◆ Task prompt:
Among the entries below, how many lines contain the string "wall"? Only the number, please.

++++ Data for the task

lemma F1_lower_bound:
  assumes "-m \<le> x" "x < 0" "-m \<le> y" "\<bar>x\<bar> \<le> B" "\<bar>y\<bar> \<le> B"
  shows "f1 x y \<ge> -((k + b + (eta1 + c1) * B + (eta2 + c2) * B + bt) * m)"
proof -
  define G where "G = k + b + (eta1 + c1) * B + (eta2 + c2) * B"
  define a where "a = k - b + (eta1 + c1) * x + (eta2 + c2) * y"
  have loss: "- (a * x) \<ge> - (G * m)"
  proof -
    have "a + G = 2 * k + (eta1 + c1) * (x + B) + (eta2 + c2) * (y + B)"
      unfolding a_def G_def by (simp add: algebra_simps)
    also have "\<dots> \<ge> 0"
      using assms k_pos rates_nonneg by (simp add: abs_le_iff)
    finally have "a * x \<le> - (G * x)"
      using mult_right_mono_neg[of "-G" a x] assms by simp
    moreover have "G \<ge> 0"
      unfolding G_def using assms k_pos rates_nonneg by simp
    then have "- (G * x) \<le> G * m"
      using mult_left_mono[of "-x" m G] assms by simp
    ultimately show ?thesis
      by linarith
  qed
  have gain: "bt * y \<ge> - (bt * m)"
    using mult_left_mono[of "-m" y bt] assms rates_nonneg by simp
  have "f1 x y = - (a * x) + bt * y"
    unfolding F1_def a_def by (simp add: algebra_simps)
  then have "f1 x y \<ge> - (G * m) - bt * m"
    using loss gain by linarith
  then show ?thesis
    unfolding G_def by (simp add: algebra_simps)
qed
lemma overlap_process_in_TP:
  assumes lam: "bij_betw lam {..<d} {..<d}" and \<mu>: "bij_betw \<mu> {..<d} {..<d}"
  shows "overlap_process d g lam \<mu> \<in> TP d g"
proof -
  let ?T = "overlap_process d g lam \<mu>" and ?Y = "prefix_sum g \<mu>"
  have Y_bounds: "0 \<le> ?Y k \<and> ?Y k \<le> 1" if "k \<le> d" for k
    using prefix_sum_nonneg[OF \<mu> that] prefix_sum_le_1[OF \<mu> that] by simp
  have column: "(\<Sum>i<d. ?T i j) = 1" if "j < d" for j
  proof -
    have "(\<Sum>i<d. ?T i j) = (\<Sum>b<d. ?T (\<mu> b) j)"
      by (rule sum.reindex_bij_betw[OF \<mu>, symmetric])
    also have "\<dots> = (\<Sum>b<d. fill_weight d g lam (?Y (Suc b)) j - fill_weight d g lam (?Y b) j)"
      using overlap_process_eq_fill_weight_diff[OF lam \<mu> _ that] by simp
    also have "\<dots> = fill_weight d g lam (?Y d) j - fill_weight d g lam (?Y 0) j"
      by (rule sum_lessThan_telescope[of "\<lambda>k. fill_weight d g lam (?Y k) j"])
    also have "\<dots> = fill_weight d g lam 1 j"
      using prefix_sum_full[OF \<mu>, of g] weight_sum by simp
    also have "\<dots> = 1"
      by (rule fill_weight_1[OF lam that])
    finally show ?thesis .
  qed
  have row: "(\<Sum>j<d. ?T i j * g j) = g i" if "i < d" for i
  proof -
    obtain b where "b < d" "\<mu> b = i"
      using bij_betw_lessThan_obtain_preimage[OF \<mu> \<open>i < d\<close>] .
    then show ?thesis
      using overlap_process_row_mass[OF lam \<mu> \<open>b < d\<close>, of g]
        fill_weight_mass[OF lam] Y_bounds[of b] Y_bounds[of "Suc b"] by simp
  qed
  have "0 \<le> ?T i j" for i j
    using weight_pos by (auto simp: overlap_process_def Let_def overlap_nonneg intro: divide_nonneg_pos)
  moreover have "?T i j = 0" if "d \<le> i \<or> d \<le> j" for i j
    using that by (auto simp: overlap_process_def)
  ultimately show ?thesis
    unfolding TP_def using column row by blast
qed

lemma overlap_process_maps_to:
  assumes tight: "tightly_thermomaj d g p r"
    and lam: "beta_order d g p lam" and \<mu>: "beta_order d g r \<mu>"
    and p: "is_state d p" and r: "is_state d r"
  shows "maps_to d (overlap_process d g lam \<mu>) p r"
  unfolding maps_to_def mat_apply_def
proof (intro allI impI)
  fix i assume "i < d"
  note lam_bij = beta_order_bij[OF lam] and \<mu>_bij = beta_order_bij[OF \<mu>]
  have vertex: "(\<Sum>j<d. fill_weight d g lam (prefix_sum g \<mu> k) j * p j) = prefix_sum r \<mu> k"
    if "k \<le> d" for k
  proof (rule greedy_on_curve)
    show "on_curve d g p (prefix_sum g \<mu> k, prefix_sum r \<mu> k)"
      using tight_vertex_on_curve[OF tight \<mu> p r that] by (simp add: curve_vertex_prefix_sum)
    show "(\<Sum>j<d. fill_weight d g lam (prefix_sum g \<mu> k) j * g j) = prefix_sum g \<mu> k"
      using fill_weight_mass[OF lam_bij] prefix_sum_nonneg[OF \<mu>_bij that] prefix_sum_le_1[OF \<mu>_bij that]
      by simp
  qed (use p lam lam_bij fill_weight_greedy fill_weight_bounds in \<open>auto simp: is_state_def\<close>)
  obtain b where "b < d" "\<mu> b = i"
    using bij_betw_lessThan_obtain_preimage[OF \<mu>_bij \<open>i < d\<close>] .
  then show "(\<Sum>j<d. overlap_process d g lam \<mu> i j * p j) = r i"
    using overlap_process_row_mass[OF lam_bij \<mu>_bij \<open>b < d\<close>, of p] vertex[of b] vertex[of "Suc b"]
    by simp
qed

++++++++
++++ Data for the task

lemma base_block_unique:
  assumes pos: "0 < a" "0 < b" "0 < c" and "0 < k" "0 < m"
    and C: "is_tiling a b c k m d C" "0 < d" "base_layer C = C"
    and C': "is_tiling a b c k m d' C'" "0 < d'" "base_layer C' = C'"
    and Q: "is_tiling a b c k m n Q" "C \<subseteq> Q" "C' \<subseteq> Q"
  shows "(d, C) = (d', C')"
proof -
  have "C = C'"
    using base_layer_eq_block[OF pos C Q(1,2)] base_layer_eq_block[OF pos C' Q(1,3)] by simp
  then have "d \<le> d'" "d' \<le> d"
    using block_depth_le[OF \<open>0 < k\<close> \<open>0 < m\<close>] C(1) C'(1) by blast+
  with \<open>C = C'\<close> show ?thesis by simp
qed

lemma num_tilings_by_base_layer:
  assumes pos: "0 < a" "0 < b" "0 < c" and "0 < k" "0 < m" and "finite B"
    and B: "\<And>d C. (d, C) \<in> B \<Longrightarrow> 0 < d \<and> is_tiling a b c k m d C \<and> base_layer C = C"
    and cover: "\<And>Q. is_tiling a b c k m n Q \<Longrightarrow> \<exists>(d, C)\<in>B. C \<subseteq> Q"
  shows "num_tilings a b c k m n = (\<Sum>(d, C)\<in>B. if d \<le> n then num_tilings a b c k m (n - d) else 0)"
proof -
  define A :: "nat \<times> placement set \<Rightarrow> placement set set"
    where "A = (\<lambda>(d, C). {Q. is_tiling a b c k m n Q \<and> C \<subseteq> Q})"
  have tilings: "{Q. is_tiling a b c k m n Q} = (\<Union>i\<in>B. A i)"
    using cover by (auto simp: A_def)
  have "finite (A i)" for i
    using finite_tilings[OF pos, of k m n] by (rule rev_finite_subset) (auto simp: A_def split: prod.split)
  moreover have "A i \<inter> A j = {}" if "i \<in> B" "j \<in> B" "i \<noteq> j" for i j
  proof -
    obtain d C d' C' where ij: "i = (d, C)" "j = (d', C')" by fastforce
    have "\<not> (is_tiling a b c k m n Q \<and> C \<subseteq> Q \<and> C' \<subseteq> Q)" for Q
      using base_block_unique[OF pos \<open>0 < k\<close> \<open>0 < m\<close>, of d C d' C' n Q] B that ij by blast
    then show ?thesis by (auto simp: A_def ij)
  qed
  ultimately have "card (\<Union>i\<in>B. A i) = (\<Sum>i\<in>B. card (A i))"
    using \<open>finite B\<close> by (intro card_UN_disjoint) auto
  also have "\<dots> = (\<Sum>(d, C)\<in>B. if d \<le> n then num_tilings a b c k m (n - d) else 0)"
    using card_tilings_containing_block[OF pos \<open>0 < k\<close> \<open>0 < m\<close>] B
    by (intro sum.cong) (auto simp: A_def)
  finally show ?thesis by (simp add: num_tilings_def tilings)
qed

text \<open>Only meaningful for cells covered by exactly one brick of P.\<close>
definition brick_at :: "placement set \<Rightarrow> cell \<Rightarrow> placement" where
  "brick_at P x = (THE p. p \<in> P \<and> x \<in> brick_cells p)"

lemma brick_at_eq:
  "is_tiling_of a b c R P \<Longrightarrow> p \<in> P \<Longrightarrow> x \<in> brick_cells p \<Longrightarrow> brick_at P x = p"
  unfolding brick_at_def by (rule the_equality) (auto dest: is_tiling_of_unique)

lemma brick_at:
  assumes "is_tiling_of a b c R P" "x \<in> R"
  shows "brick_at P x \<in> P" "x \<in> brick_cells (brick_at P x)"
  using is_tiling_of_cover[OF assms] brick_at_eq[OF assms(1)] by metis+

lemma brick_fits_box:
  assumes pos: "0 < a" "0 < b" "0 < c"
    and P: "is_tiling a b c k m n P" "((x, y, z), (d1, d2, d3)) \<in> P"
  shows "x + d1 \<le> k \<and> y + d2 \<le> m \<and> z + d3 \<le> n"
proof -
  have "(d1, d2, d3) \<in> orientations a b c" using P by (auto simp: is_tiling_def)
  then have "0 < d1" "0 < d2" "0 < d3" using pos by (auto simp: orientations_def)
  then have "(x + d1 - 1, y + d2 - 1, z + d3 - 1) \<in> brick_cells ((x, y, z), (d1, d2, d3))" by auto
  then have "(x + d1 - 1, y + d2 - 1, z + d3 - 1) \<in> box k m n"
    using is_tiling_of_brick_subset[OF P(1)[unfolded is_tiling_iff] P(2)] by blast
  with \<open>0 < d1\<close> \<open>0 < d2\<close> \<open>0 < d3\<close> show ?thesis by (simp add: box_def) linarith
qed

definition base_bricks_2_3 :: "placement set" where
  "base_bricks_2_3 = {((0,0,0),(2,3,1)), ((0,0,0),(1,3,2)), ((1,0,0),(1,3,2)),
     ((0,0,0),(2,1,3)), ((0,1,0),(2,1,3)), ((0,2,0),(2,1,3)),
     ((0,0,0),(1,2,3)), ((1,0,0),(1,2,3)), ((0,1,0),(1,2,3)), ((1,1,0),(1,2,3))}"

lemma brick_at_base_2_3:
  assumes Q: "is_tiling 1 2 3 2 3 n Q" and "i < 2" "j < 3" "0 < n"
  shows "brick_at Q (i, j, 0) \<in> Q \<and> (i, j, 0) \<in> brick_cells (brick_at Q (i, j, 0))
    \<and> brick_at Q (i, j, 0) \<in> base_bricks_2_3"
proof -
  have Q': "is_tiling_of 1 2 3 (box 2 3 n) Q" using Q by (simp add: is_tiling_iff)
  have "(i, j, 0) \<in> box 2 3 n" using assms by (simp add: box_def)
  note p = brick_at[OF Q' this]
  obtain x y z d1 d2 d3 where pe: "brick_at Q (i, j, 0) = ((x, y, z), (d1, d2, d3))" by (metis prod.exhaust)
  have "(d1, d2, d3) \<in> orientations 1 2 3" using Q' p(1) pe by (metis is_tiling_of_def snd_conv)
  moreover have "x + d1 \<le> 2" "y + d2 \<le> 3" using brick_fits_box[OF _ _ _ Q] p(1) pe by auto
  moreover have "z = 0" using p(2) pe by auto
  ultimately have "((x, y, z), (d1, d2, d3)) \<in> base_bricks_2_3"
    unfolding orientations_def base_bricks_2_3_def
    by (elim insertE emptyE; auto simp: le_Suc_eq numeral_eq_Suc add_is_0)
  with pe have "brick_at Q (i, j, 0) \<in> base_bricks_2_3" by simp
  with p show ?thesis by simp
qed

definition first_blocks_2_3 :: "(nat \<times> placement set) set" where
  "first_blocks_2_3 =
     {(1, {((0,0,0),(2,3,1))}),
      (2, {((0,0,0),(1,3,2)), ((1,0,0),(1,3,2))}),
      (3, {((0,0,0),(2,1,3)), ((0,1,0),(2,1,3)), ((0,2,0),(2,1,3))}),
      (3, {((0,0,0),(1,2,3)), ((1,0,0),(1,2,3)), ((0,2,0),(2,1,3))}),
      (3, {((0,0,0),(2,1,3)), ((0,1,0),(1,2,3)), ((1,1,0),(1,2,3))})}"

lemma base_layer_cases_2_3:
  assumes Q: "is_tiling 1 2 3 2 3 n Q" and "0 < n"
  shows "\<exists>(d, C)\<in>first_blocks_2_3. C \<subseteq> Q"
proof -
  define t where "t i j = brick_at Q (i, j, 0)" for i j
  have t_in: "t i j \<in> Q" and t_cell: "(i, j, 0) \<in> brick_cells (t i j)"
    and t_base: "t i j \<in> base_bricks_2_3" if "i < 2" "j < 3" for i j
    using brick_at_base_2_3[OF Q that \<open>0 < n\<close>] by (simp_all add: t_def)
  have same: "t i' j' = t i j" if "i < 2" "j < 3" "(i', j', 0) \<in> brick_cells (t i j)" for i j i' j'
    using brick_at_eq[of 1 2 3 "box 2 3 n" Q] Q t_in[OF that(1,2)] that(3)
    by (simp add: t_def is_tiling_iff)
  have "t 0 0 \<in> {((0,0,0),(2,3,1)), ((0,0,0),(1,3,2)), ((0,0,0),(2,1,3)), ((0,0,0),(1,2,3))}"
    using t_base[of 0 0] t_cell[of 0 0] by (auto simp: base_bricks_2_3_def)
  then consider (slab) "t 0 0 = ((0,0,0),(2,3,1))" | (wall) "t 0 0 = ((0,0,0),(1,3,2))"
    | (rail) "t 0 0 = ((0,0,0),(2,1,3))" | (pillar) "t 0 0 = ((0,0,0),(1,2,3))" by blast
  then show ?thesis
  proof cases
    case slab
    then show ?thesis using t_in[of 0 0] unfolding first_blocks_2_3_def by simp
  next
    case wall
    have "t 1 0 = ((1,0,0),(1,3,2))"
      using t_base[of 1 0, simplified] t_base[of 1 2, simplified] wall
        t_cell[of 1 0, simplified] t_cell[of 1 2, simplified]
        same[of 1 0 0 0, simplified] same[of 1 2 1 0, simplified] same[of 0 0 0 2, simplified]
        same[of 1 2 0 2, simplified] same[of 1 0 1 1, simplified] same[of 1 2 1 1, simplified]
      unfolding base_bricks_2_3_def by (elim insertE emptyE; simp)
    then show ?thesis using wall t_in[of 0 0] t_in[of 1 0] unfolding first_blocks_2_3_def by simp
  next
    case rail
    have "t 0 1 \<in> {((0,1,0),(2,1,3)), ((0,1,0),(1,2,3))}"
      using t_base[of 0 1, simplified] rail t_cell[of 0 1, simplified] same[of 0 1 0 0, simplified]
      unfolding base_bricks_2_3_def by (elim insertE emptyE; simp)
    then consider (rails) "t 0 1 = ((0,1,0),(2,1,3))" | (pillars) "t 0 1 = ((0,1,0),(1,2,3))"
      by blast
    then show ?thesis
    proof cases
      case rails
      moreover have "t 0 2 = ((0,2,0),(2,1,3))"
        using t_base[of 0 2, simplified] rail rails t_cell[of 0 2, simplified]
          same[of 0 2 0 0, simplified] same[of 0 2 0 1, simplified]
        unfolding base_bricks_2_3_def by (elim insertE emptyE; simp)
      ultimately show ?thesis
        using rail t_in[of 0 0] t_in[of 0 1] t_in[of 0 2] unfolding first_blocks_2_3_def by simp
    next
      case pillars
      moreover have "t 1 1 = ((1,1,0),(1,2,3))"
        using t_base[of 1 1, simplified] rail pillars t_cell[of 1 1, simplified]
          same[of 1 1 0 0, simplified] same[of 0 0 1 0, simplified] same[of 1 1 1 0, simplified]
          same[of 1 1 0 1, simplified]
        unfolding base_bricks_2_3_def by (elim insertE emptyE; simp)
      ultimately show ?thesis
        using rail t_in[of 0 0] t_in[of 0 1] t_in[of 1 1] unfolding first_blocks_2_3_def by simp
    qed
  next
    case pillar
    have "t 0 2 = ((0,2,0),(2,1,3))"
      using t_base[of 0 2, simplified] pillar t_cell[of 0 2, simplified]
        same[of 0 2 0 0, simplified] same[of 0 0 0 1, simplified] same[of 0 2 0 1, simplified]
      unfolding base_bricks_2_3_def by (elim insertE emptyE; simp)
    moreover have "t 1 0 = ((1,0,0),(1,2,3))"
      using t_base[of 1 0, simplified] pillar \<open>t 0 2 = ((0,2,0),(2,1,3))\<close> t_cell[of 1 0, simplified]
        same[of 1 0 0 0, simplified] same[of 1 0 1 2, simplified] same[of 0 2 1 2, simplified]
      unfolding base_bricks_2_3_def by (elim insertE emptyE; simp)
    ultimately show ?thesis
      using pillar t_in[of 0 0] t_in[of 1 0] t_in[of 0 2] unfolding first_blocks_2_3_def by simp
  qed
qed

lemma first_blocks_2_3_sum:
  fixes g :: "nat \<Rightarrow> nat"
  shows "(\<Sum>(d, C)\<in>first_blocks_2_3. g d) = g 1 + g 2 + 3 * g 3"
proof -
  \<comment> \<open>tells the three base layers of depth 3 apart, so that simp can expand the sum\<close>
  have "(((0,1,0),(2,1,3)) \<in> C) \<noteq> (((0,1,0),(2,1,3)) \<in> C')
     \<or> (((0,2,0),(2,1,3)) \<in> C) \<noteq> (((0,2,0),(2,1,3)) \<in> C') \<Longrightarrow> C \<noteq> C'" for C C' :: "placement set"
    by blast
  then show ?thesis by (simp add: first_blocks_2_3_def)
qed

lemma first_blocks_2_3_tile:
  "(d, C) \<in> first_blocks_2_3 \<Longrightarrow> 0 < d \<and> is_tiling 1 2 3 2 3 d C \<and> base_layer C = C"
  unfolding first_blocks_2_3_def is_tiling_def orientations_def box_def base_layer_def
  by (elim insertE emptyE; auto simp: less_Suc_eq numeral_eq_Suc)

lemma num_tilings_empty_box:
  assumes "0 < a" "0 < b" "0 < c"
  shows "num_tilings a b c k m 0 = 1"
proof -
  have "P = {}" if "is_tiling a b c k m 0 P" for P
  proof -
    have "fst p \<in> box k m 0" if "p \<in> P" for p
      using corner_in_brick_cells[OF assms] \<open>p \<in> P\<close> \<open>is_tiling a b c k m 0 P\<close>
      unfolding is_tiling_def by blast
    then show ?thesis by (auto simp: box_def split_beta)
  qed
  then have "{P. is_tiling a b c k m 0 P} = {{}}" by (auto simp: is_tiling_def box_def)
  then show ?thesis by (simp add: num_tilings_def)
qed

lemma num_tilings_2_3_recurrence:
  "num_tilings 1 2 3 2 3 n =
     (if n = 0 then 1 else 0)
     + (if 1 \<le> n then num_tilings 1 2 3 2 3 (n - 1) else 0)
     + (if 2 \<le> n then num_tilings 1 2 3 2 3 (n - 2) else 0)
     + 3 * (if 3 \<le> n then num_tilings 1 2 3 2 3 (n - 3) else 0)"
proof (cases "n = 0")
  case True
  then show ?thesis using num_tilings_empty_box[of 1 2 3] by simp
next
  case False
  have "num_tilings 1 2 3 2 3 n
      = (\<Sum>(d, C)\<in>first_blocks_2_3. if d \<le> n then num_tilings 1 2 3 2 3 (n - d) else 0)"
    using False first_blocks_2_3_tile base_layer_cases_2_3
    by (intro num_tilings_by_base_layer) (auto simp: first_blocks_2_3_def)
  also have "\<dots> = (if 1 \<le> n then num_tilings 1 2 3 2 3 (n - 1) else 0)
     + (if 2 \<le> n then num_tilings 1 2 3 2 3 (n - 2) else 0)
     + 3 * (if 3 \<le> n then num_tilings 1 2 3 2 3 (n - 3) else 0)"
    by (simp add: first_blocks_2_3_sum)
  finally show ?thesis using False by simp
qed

++++++++

◆ Answer box:
4